# What to produce
Provide an exact transcription of all the records.

# Source records
(* Choose x in M outside X = X_{n,phi}(M). Its twisted product t is nontrivial, and since the open
   normal subgroups of a profinite group form a neighbourhood basis of 1 (compactness and total
   disconnectedness give clopen neighbourhoods, which contain open subgroups, whose normal cores are
   still open), some open normal N <= M misses t. Then phi induces an automorphism of the finite
   group M/N, of order dividing n; X is contained in the union of the cosets in X_{n,phi}(M/N),
   which does not contain the coset xN. All cosets of N have Haar measure 1/|M/N|, so
   m(X) <= |X_{n,phi}(M/N)| / |M/N|, a ratio different from 1 that occurs in the supremum defining
   c_n. *)

theory Submission
  imports Defs
begin

section \<open>Open normal subgroups of profinite groups\<close>

lemma totally_disconnected_compact_clopen_separation:
  assumes "compact_space T" "Hausdorff_space T" "totally_disconnected_space T"
    and a: "a \<in> topspace T" and b: "b \<in> topspace T" and "a \<noteq> b"
  obtains U where "closedin T U" "openin T U" "a \<in> U" "b \<notin> U"
proof -
  obtain c where c: "connected_component_of_set T a \<subseteq> {c}"
    using assms(3) connectedin_connected_component_of[of T a]
    unfolding totally_disconnected_space_def by blast
  have "connected_component_of T a a"
    using a by (simp add: connected_component_of_refl)
  then have "\<not> connected_component_of T a b"
    using c \<open>a \<noteq> b\<close> by auto
  moreover have "quasi_component_of T a = connected_component_of T a"
    using assms(1,2) by (intro quasi_eq_connected_component_of) auto
  ultimately have "\<not> quasi_component_of T a b"
    by metis
  then obtain U where U: "closedin T U" "openin T U" "\<not> (a \<in> U \<longleftrightarrow> b \<in> U)"
    using a b unfolding quasi_component_of_def by blast
  show thesis
  proof (cases "a \<in> U")
    case True
    then show thesis using U that by blast
  next
    case False
    then show thesis
      using U a b that[of "topspace T - U"] by (auto simp: openin_diff closedin_diff)
  qed
qed

lemma topological_group_continuous_map_left_mult:
  assumes "topological_group G T" "a \<in> carrier G"
  shows "continuous_map T T (\<lambda>x. a \<otimes>\<^bsub>G\<^esub> x)"
proof -
  have "continuous_map T (prod_topology T T) (\<lambda>x. (a, x))"
    using assms by (intro continuous_map_pairedI) (auto simp: topological_group_def)
  then show ?thesis
    using continuous_map_compose assms by (fastforce simp: topological_group_def o_def)
qed

lemma topological_group_continuous_map_right_mult:
  assumes "topological_group G T" "a \<in> carrier G"
  shows "continuous_map T T (\<lambda>x. x \<otimes>\<^bsub>G\<^esub> a)"
proof -
  have "continuous_map T (prod_topology T T) (\<lambda>x. (x, a))"
    using assms by (intro continuous_map_pairedI) (auto simp: topological_group_def)
  then show ?thesis
    using continuous_map_compose assms by (fastforce simp: topological_group_def o_def)
qed

lemma topological_group_subgroup:
  assumes tg: "topological_group G T" and H: "subgroup H G"
  shows "topological_group (G\<lparr>carrier := H\<rparr>) (subtopology T H)"
proof -
  have grp: "group G" and ts: "topspace T = carrier G"
    and mult: "continuous_map (prod_topology T T) T (\<lambda>(x, y). x \<otimes>\<^bsub>G\<^esub> y)"
    and inv: "continuous_map T T (\<lambda>x. inv\<^bsub>G\<^esub> x)"
    using tg by (auto simp: topological_group_def)
  have HG: "H \<subseteq> carrier G" by (rule subgroup.subset[OF H])
  have "continuous_map (prod_topology (subtopology T H) (subtopology T H)) (subtopology T H)
          (\<lambda>(x, y). x \<otimes>\<^bsub>G\<^esub> y)"
    unfolding subtopology_Times[symmetric] continuous_map_in_subtopology
    using continuous_map_from_subtopology[OF mult] subgroup.m_closed[OF H] by auto
  moreover have "continuous_map (subtopology T H) (subtopology T H) (\<lambda>x. inv\<^bsub>G\<lparr>carrier := H\<rparr>\<^esub> x)"
  proof -
    have "continuous_map (subtopology T H) (subtopology T H) (\<lambda>x. inv\<^bsub>G\<^esub> x)"
      unfolding continuous_map_in_subtopology
      using continuous_map_from_subtopology[OF inv] subgroup.m_inv_closed[OF H] by auto
    then show ?thesis
      by (rule continuous_map_eq) (simp add: group.m_inv_consistent[OF grp H])
  qed
  ultimately show ?thesis
    using subgroup.subgroup_is_group[OF H grp] ts HG
    by (auto simp: topological_group_def inf.absorb2)
qed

# Answer below
(* Choose x in M outside X = X_{n,phi}(M). Its twisted product t is nontrivial, and since the open
   normal subgroups of a profinite group form a neighbourhood basis of 1 (compactness and total
   disconnectedness give clopen neighbourhoods, which contain open subgroups, whose normal cores are
   still open), some open normal N <= M misses t. Then phi induces an automorphism of the finite
   group M/N, of order dividing n; X is contained in the union of the cosets in X_{n,phi}(M/N),
   which does not contain the coset xN. All cosets of N have Haar measure 1/|M/N|, so
   m(X) <= |X_{n,phi}(M/N)| / |M/N|, a ratio different from 1 that occurs in the supremum defining
   c_n. *)

theory Submission
  imports Defs
begin

section \<open>Open normal subgroups of profinite groups\<close>

lemma totally_disconnected_compact_clopen_separation:
  assumes "compact_space T" "Hausdorff_space T" "totally_disconnected_space T"
    and a: "a \<in> topspace T" and b: "b \<in> topspace T" and "a \<noteq> b"
  obtains U where "closedin T U" "openin T U" "a \<in> U" "b \<notin> U"
proof -
  obtain c where c: "connected_component_of_set T a \<subseteq> {c}"
    using assms(3) connectedin_connected_component_of[of T a]
    unfolding totally_disconnected_space_def by blast
  have "connected_component_of T a a"
    using a by (simp add: connected_component_of_refl)
  then have "\<not> connected_component_of T a b"
    using c \<open>a \<noteq> b\<close> by auto
  moreover have "quasi_component_of T a = connected_component_of T a"
    using assms(1,2) by (intro quasi_eq_connected_component_of) auto
  ultimately have "\<not> quasi_component_of T a b"
    by metis
  then obtain U where U: "closedin T U" "openin T U" "\<not> (a \<in> U \<longleftrightarrow> b \<in> U)"
    using a b unfolding quasi_component_of_def by blast
  show thesis
  proof (cases "a \<in> U")
    case True
    then show thesis using U that by blast
  next
    case False
    then show thesis
      using U a b that[of "topspace T - U"] by (auto simp: openin_diff closedin_diff)
  qed
qed

lemma topological_group_continuous_map_left_mult:
  assumes "topological_group G T" "a \<in> carrier G"
  shows "continuous_map T T (\<lambda>x. a \<otimes>\<^bsub>G\<^esub> x)"
proof -
  have "continuous_map T (prod_topology T T) (\<lambda>x. (a, x))"
    using assms by (intro continuous_map_pairedI) (auto simp: topological_group_def)
  then show ?thesis
    using continuous_map_compose assms by (fastforce simp: topological_group_def o_def)
qed

lemma topological_group_continuous_map_right_mult:
  assumes "topological_group G T" "a \<in> carrier G"
  shows "continuous_map T T (\<lambda>x. x \<otimes>\<^bsub>G\<^esub> a)"
proof -
  have "continuous_map T (prod_topology T T) (\<lambda>x. (x, a))"
    using assms by (intro continuous_map_pairedI) (auto simp: topological_group_def)
  then show ?thesis
    using continuous_map_compose assms by (fastforce simp: topological_group_def o_def)
qed

lemma topological_group_subgroup:
  assumes tg: "topological_group G T" and H: "subgroup H G"
  shows "topological_group (G\<lparr>carrier := H\<rparr>) (subtopology T H)"
proof -
  have grp: "group G" and ts: "topspace T = carrier G"
    and mult: "continuous_map (prod_topology T T) T (\<lambda>(x, y). x \<otimes>\<^bsub>G\<^esub> y)"
    and inv: "continuous_map T T (\<lambda>x. inv\<^bsub>G\<^esub> x)"
    using tg by (auto simp: topological_group_def)
  have HG: "H \<subseteq> carrier G" by (rule subgroup.subset[OF H])
  have "continuous_map (prod_topology (subtopology T H) (subtopology T H)) (subtopology T H)
          (\<lambda>(x, y). x \<otimes>\<^bsub>G\<^esub> y)"
    unfolding subtopology_Times[symmetric] continuous_map_in_subtopology
    using continuous_map_from_subtopology[OF mult] subgroup.m_closed[OF H] by auto
  moreover have "continuous_map (subtopology T H) (subtopology T H) (\<lambda>x. inv\<^bsub>G\<lparr>carrier := H\<rparr>\<^esub> x)"
  proof -
    have "continuous_map (subtopology T H) (subtopology T H) (\<lambda>x. inv\<^bsub>G\<^esub> x)"
      unfolding continuous_map_in_subtopology
      using continuous_map_from_subtopology[OF inv] subgroup.m_inv_closed[OF H] by auto
    then show ?thesis
      by (rule continuous_map_eq) (simp add: group.m_inv_consistent[OF grp H])
  qed
  ultimately show ?thesis
    using subgroup.subgroup_is_group[OF H grp] ts HG
    by (auto simp: topological_group_def inf.absorb2)
qed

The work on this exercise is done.